Yes, the arrival of the Urus SUV did permit the Italian automaker to double its sales and it’s a model of capital importance to the top brass at the Volkswagen Group, but for me and probably for many others, a Lamborghini worth its salt has to hug the ground like a rug in the entrance hallway. It has to bug the neighbours when you start it up. It has to draw the attention of everyone you come across.
Enter the 2020 Huracán EVO Spyder, which accomplished all this and more during the three days I was entrusted with it recently. Three days marked by summer storms and uncommonly humid weather.
Personally, I wasn’t actually all that crazy about the close attention the car received, decked as it was in Blue Sideris colour – an option that will set you back a cool $18,000, by the way. I prefer what I call “sleepers”, those cars that are discreet on the outside but beasts on the inside. That’s certainly not the case with the Lamborghini Huracán EVO Spyder, which seeks to provoke. I had many occasions to witness that on the road; some drivers instantly wanted to see how they measured up in a drag race. Sorry folks, but that simply doesn’t have its place on public roads. Much wiser – and safer – to take this Italian beauty and beast on to a closed track to see just what it’s capable of.
Sadly, I did not get the chance to try out this most affordable of the Lambo models currently available on one of the few closed circuits still extant in the region around Montreal, Quebec. And that of course highlights one of the drawbacks of an exotic car of this calibre: there are basically no opportunities to use the car and its 640-hp 5.2L naturally aspirated V10 to their full potential on any public road in Canada. For sure, you can accelerate like a demon on the highway, but you risk losing you driver’s permit, something I’m just not prepared to do.
Pavarotti under the hood
Lamborghini has made much of its interest in alternative energy – recall the Asterion LPI910-4 hybrid prototype, presented back in… 2014. But the reality is the automaker’s toolbox still contains big-cylinder engines. Bolted into its central location in the Huracán EVO Spyder, the 5.2L V10 is an engine we’re familiar with, it having been used in the Lamborghini Gallardo.

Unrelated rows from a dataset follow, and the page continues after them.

lemma eigenvector_degree_bound:
  assumes "H \<subseteq> cube n" "t > 0"
    and eigen: "\<forall>b\<in>cube n. signed_op n lam v z b = t * z b"
    and support: "\<forall>b\<in>cube n - H. z b = 0"
    and nonzero: "\<exists>b\<in>H. z b \<noteq> 0"
  shows "\<exists>\<beta>\<in>H. t \<le> sup_norm n lam * real (card {\<gamma>\<in>H. up_edge \<gamma> \<beta>})
                    + sup_norm n v * real (card {\<gamma>\<in>H. up_edge \<beta> \<gamma>})"
proof -
  have "finite H" using assms(1) finite_cube by (rule finite_subset)
  define m where "m = Max ((\<lambda>x. \<bar>z x\<bar>) ` H)"
  have le_m: "\<bar>z \<gamma>\<bar> \<le> m" if "\<gamma> \<in> H" for \<gamma>
    unfolding m_def using \<open>finite H\<close> that by (intro Max_ge) auto
  obtain \<beta> where "\<beta> \<in> H" "\<bar>z \<beta>\<bar> = m"
    using Max_in[of "(\<lambda>x. \<bar>z x\<bar>) ` H"] \<open>finite H\<close> nonzero unfolding m_def by fastforce
  have "m > 0" using nonzero le_m by fastforce
  have "\<beta> \<in> cube n" using \<open>\<beta> \<in> H\<close> assms(1) by blast
  then have len: "length \<beta> = n" by (simp add: cube_def)
  define L where "L = sup_norm n lam"
  define V where "V = sup_norm n v"
  define U where "U = {k. k < n \<and> \<beta> ! k \<and> flip \<beta> k \<in> H}"
  define D where "D = {k. k < n \<and> \<not> \<beta> ! k \<and> flip \<beta> k \<in> H}"
  have term_le: "\<bar>edge_weight lam v \<beta> k * z (flip \<beta> k)\<bar> \<le> m * (L * of_bool (k \<in> U) + V * of_bool (k \<in> D))"
    if "k < n" for k
  proof (cases "flip \<beta> k \<in> H")
    case True
    have "\<bar>edge_weight lam v \<beta> k\<bar> \<le> (if \<beta> ! k then L else V)"
      unfolding L_def V_def by (rule edge_weight_abs_le[OF that])
    with True have "\<bar>edge_weight lam v \<beta> k\<bar> * \<bar>z (flip \<beta> k)\<bar> \<le> (if \<beta> ! k then L else V) * m"
      using le_m by (intro mult_mono) auto
    with True that show ?thesis by (cases "\<beta> ! k") (simp_all add: U_def D_def abs_mult mult.commute)
  next
    case False
    with support \<open>\<beta> \<in> cube n\<close> show ?thesis by (simp add: U_def D_def)
  qed
  have "t * m = \<bar>signed_op n lam v z \<beta>\<bar>"
    using eigen \<open>\<beta> \<in> cube n\<close> \<open>\<bar>z \<beta>\<bar> = m\<close> \<open>t > 0\<close> by (simp add: abs_mult)
  also have "\<dots> \<le> (\<Sum>k<n. \<bar>edge_weight lam v \<beta> k * z (flip \<beta> k)\<bar>)"
    unfolding signed_op_def by (rule sum_abs)
  also have "\<dots> \<le> (\<Sum>k<n. m * (L * of_bool (k \<in> U) + V * of_bool (k \<in> D)))"
    by (rule sum_mono) (simp add: term_le)
  also have "\<dots> = m * (L * card U + V * card D)"
  proof -
    have "{..<n} \<inter> U = U" "{..<n} \<inter> D = D" by (auto simp: U_def D_def)
    then show ?thesis by (simp add: sum.distrib flip: sum_distrib_left)
  qed
  finally have "t \<le> L * card U + V * card D"
    using \<open>m > 0\<close> by (simp add: mult.commute)
  then show ?thesis
    using \<open>\<beta> \<in> H\<close> len by (auto simp: L_def V_def U_def D_def card_up_neighbours card_down_neighbours)
qed

theorem mainTheorem2:
  fixes n :: nat and v lam :: "nat \<Rightarrow> real" and H :: "bool list set"
  assumes "n \<ge> 1"
    and "(\<Sum>i<n. lam i * v i) > 0"
    and "H \<subseteq> cube n"
    and "card H > 2 ^ (n - 1)"
  shows "\<exists>\<beta>\<in>H. sqrt (\<Sum>i<n. lam i * v i)
           \<le> sup_norm n lam * real (card {\<gamma>\<in>H. up_edge \<gamma> \<beta>})
             + sup_norm n v * real (card {\<gamma>\<in>H. up_edge \<beta> \<gamma>})"
proof -
  define t where "t = sqrt (\<Sum>i<n. lam i * v i)"
  have "t > 0" "t * t = (\<Sum>i<n. lam i * v i)"
    using assms(2) by (simp_all add: t_def)
  have "\<exists>j<n. lam j \<noteq> 0"
  proof (rule ccontr)
    assume "\<not> (\<exists>j<n. lam j \<noteq> 0)"
    then have "(\<Sum>i<n. lam i * v i) = 0" by simp
    with assms(2) show False by simp
  qed
  then obtain j where "j < n" "lam j \<noteq> 0" by blast
  from exists_signed_op_eigenvector_supported_on[OF this \<open>t * t = _\<close> assms(3,4)]
  obtain z where "\<forall>b\<in>cube n. signed_op n lam v z b = t * z b" "\<forall>b\<in>cube n - H. z b = 0"
    "\<exists>b\<in>H. z b \<noteq> 0"
    by blast
  from eigenvector_degree_bound[OF assms(3) \<open>t > 0\<close> this] show ?thesis
    by (simp add: t_def)
qed

end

The difference here, however, is that in this EVO version, the Huracán gets 20 more horses (for a total of 640 hp), thanks notably to the titanium intake valves. The performances are suitably exceptional, for instance Lamborghini’s official 0-100 acceleration time for the model is 3.1 seconds (2.9 seconds for the hard-top version).
That’s jaw-dropping, of course, but just as important for such a showy car is the musicality of its V10 engine. And frankly, the brand’s engineers displayed their chops to the fullest here. From the moment you start it up and the volcano awakens, the Huracán raises its voice loud and clear; fortunately for your neighbourly relations, the decibels do recede after that, particularly if you place the car in Strada mode. If you want to be considerate or for relaxed jaunts around town, this relatively relaxed mode is ideal. On the other hand, a Lamborghini wants nothing more than to sing, and so there’s Sport mode. Switch to that and the exhaust system seems unleashed from its shackles; the V10 lets its freak flag fly.

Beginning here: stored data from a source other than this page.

lemma norm_ray_integrand_remainder_le:
  assumes w: "w \<in> dirs"
  shows "\<exists>C. \<forall>h s. \<bar>h\<bar> \<le> 1 \<longrightarrow> s \<ge> 0 \<longrightarrow>
           norm (ray_integrand \<phi> w (t + h) s - ray_integrand \<phi> w t s
                 - of_real h * ray_integrand ([:0, 1:] * \<phi>) w t s) \<le> h\<^sup>2 * C * exp (- s)"
proof -
  obtain C where C: "\<And>s w. s \<ge> 0 \<Longrightarrow> norm w = 1 \<Longrightarrow>
      norm (poly \<phi> (of_real s * w)) * exp ((\<bar>t\<bar> + 2) * s - s ^ 3 / 3) \<le> C * exp (- s)"
    using norm_poly_mult_exp_cube_le[of \<phi> "\<bar>t\<bar> + 2"] by blast
  show ?thesis
  proof (intro exI[of _ "2 * C"] allI impI)
    fix h s :: real
    assume h: "\<bar>h\<bar> \<le> 1" and s: "s \<ge> 0"
    define z where "z = of_real h * (of_real s * w)"
    have "cubic_weight (t + h) (of_real s * w) = cubic_weight t (of_real s * w) * exp z"
      by (simp add: cubic_weight_def z_def exp_add[symmetric] algebra_simps)
    then have eq: "ray_integrand \<phi> w (t + h) s - ray_integrand \<phi> w t s
        - of_real h * ray_integrand ([:0, 1:] * \<phi>) w t s
        = w * poly \<phi> (of_real s * w) * cubic_weight t (of_real s * w) * (exp z - 1 - z)"
      by (simp add: ray_integrand_def z_def algebra_simps)
    have rem: "norm (exp z - 1 - z) \<le> 2 * h\<^sup>2 * (exp s * exp s)"
      unfolding z_def by (rule norm_exp_remainder_on_ray_le[OF h s norm_dirs[OF w]])
    have "norm (w * poly \<phi> (of_real s * w) * cubic_weight t (of_real s * w) * (exp z - 1 - z))
        \<le> norm (poly \<phi> (of_real s * w)) * exp (\<bar>t\<bar> * s - s ^ 3 / 3) * (2 * h\<^sup>2 * (exp s * exp s))"
      unfolding norm_mult norm_dirs[OF w]
      by (intro mult_mono mult_left_mono norm_cubic_weight_on_ray_le w s rem) auto
    also have "\<dots> = 2 * h\<^sup>2 * (norm (poly \<phi> (of_real s * w)) * exp ((\<bar>t\<bar> + 2) * s - s ^ 3 / 3))"
      by (simp add: exp_add[symmetric] algebra_simps)
    also have "\<dots> \<le> 2 * h\<^sup>2 * (C * exp (- s))"
      using C[OF s norm_dirs[OF w]] by (intro mult_left_mono) auto
    finally show "norm (ray_integrand \<phi> w (t + h) s - ray_integrand \<phi> w t s
        - of_real h * ray_integrand ([:0, 1:] * \<phi>) w t s) \<le> h\<^sup>2 * (2 * C) * exp (- s)"
      unfolding eq by (simp add: algebra_simps)
  qed
qed

lemma norm_ray_integral_remainder_le:
  assumes w: "w \<in> dirs"
  shows "\<exists>C. \<forall>h. \<bar>h\<bar> \<le> 1 \<longrightarrow> norm (ray_integral \<phi> w (t + h) - ray_integral \<phi> w t
           - h *\<^sub>R ray_integral ([:0, 1:] * \<phi>) w t) \<le> h\<^sup>2 * C"
proof -
  define rem where "rem h s = ray_integrand \<phi> w (t + h) s - ray_integrand \<phi> w t s
      - of_real h * ray_integrand ([:0, 1:] * \<phi>) w t s" for h s
  obtain C where C: "\<And>h s. \<bar>h\<bar> \<le> 1 \<Longrightarrow> s \<ge> 0 \<Longrightarrow> norm (rem h s) \<le> h\<^sup>2 * C * exp (- s)"
    using norm_ray_integrand_remainder_le[OF w, of \<phi> t] unfolding rem_def by blast
  have "ray_integral \<phi> w (t + h) - ray_integral \<phi> w t - h *\<^sub>R ray_integral ([:0, 1:] * \<phi>) w t
      = integral {0..} (rem h)" for h
  proof -
    note integrable = ray_integrand_integrable[OF w]
    have "integral {0..} (rem h)
        = integral {0..} (\<lambda>s. ray_integrand \<phi> w (t + h) s - ray_integrand \<phi> w t s)
          - integral {0..} (\<lambda>s. of_real h * ray_integrand ([:0, 1:] * \<phi>) w t s)"
      unfolding rem_def by (intro integral_diff integrable_diff integrable integrable_on_cmult_left)
    then show ?thesis
      by (simp add: ray_integral_eq_integral integral_diff integrable scaleR_conv_of_real)
  qed
  moreover have "norm (integral {0..} (rem h)) \<le> h\<^sup>2 * C" if "\<bar>h\<bar> \<le> 1" for h
    using norm_integral_exp_decay_le[of 0 "rem h" "h\<^sup>2 * C"] C[OF that]
    by (simp add: rem_def continuous_on_ray_integrand continuous_intros)
  ultimately show ?thesis
    by auto
qed

lemma ray_integral_has_vector_derivative:
  assumes w: "w \<in> dirs"
  shows "((\<lambda>t. ray_integral \<phi> w t) has_vector_derivative ray_integral ([:0, 1:] * \<phi>) w t) (at t)"
proof -
  define rem where "rem h = ray_integral \<phi> w (t + h) - ray_integral \<phi> w t
      - h *\<^sub>R ray_integral ([:0, 1:] * \<phi>) w t" for h
  obtain C where C: "\<And>h. \<bar>h\<bar> \<le> 1 \<Longrightarrow> norm (rem h) \<le> h\<^sup>2 * C"
    using norm_ray_integral_remainder_le[OF w, of \<phi> t] unfolding rem_def by blast
  have "((\<lambda>h. norm (rem h) / norm h) \<longlongrightarrow> 0) (at 0)"
  proof (rule Lim_null_comparison)
    have "\<forall>\<^sub>F h in at (0::real). \<bar>h\<bar> < 1"
      using eventually_at[of "\<lambda>h. \<bar>h\<bar> < 1" 0 UNIV] by (auto intro: exI[of _ 1])
    then show "\<forall>\<^sub>F h in at 0. norm (norm (rem h) / norm h) \<le> \<bar>C\<bar> * \<bar>h\<bar>"
    proof eventually_elim
      case (elim h)
      have "norm (rem h) \<le> h\<^sup>2 * \<bar>C\<bar>"
        using C[of h] elim by (smt (verit) mult_left_mono zero_le_power2)
      also have "\<dots> = \<bar>C\<bar> * \<bar>h\<bar> * \<bar>h\<bar>"
        by (simp add: power2_eq_square abs_mult_self_eq mult_ac)
      finally show ?case
        by (simp add: divide_le_eq abs_mult)
    qed
    show "((\<lambda>h. \<bar>C\<bar> * \<bar>h\<bar>) \<longlongrightarrow> 0) (at 0)"
      by (auto intro!: tendsto_eq_intros)
  qed
  then show ?thesis
    unfolding has_vector_derivative_def has_derivative_at rem_def
    by (simp add: bounded_linear_scaleR_left)
qed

Then there’s Corsa mode, which ups the decibel level a little further and sharpens other parameters. This should in principle be reserved for the closed track, but it is controllable on the open road, as long as you don’t get carried away because Corsa does make the car much jumpier. The rear wheels, for example, show a desire to go first when you corner at speed. Corsa mode also obliges the driver to take over gear shifting duties from the dual-clutch transmission, unlike in the other two modes.

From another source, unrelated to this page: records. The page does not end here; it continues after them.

lemma pressure_term_diff_le:
  fixes h :: "real^'n::finite \<Rightarrow> real" and \<xi> \<xi>' :: "'n \<Rightarrow> nat \<Rightarrow> nat \<Rightarrow> real"
  assumes c: "\<And>\<sigma>. \<sigma> \<in> PiE (UNIV::'n set) (\<lambda>_. {\<tau>. \<tau> permutes {..<N}}) \<Longrightarrow>
     \<bar>kappa_h N h (\<lambda>i. perm_act (\<sigma> i) (\<xi> i N)) - kappa_h N h (\<lambda>i. perm_act (\<sigma> i) (\<xi>' i N))\<bar> \<le> c"
  shows "\<bar>pressure_term h \<xi> N - pressure_term h \<xi>' N\<bar> \<le> c"
proof -
  define I where "I = PiE (UNIV::'n set) (\<lambda>_. {\<tau>. \<tau> permutes {..<N}})"
  have fin: "finite I" unfolding I_def by (intro finite_PiE) (auto simp: finite_permutations)
  have idI: "(\<lambda>_. id) \<in> I" unfolding I_def by (auto simp: permutes_id)
  then have ne: "I \<noteq> {}" by auto
  have c0: "c \<ge> 0" using c[of "\<lambda>_. id"] idI I_def by force
  show ?thesis
  proof (cases "N = 0")
    case True then show ?thesis using c0 by (simp add: pressure_term_def)
  next
    case False
    define K where "K = 1 / (fact N :: real) ^ CARD('n)"
    have K: "K > 0" by (simp add: K_def)
    define a where "a = (\<lambda>\<sigma>. real N * kappa_h N h (\<lambda>i. perm_act (\<sigma> i) (\<xi> i N)))"
    define b where "b = (\<lambda>\<sigma>. real N * kappa_h N h (\<lambda>i. perm_act (\<sigma> i) (\<xi>' i N)))"
    have ab: "\<bar>a s - b s\<bar> \<le> real N * c" if "s \<in> I" for s
    proof -
      have "\<bar>a s - b s\<bar> = real N * \<bar>kappa_h N h (\<lambda>i. perm_act (s i) (\<xi> i N))
                                   - kappa_h N h (\<lambda>i. perm_act (s i) (\<xi>' i N))\<bar>"
        by (simp add: a_def b_def right_diff_distrib[symmetric] abs_mult)
      also have "\<dots> \<le> real N * c" using c[of s] that I_def by (intro mult_left_mono) auto
      finally show ?thesis .
    qed
    have "ln (K * (\<Sum>s\<in>I. exp (a s))) \<le> real N * c + ln (K * (\<Sum>s\<in>I. exp (b s)))"
      and "ln (K * (\<Sum>s\<in>I. exp (b s))) \<le> real N * c + ln (K * (\<Sum>s\<in>I. exp (a s)))"
      by (rule ln_sum_exp_le[OF fin ne K], use ab in \<open>force simp: abs_le_iff\<close>)+
    then have "\<bar>ln (K * (\<Sum>s\<in>I. exp (a s))) - ln (K * (\<Sum>s\<in>I. exp (b s)))\<bar> / real N \<le> c"
      using False by (simp add: divide_le_eq mult.commute abs_le_iff)
    moreover have "pressure_term h \<xi> N - pressure_term h \<xi>' N
       = (ln (K * (\<Sum>s\<in>I. exp (a s))) - ln (K * (\<Sum>s\<in>I. exp (b s)))) / real N"
      by (simp add: pressure_term_def K_def I_def a_def b_def diff_divide_distrib)
    ultimately show ?thesis by (simp add: abs_divide)
  qed
qed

As you would expect, the two sportier drive modes also tighten and firm up the steering and suspensions, respectively. Lamborghini might want to consider working in a more malleable mode for the next generation of the car; this would allow the driver to choose a comfortable suspension setting but enjoy the symphony from the exhaust, for example. For the moment, with the Huracán EVO Spyder you just can’t have it both ways!
Faultless road handling
So we’ve covered the envious gawking the car generates and the Pavarotti-esque aria coming from the two enormous exhaust tips. But what about the actual drive? Rest assured, this is not an afterthought here. The small Lambo grips the road like there’s no tomorrow. The all-wheel-drive system has much to do with that, as do the wide performance tires. But there’s more to it than that, for instance the LDVI (Lamborghini Dinamica Veicolo Integrata) system keeps watch on the steering angle, braking and acceleration, and adapts to your driving style.
What this means is that, despite the crazy attributes of the Huracán EVO Spyder, this exotic car is as easy to drive as any mass-market performance sedan. The feeling of easy confidence verging on invincibility reminded me of the sensation I had at the wheel of the McLaren 720S last year. These days, thanks to the magic of electronics, even a 640-hp monster is tame enough to drive on a daily basis.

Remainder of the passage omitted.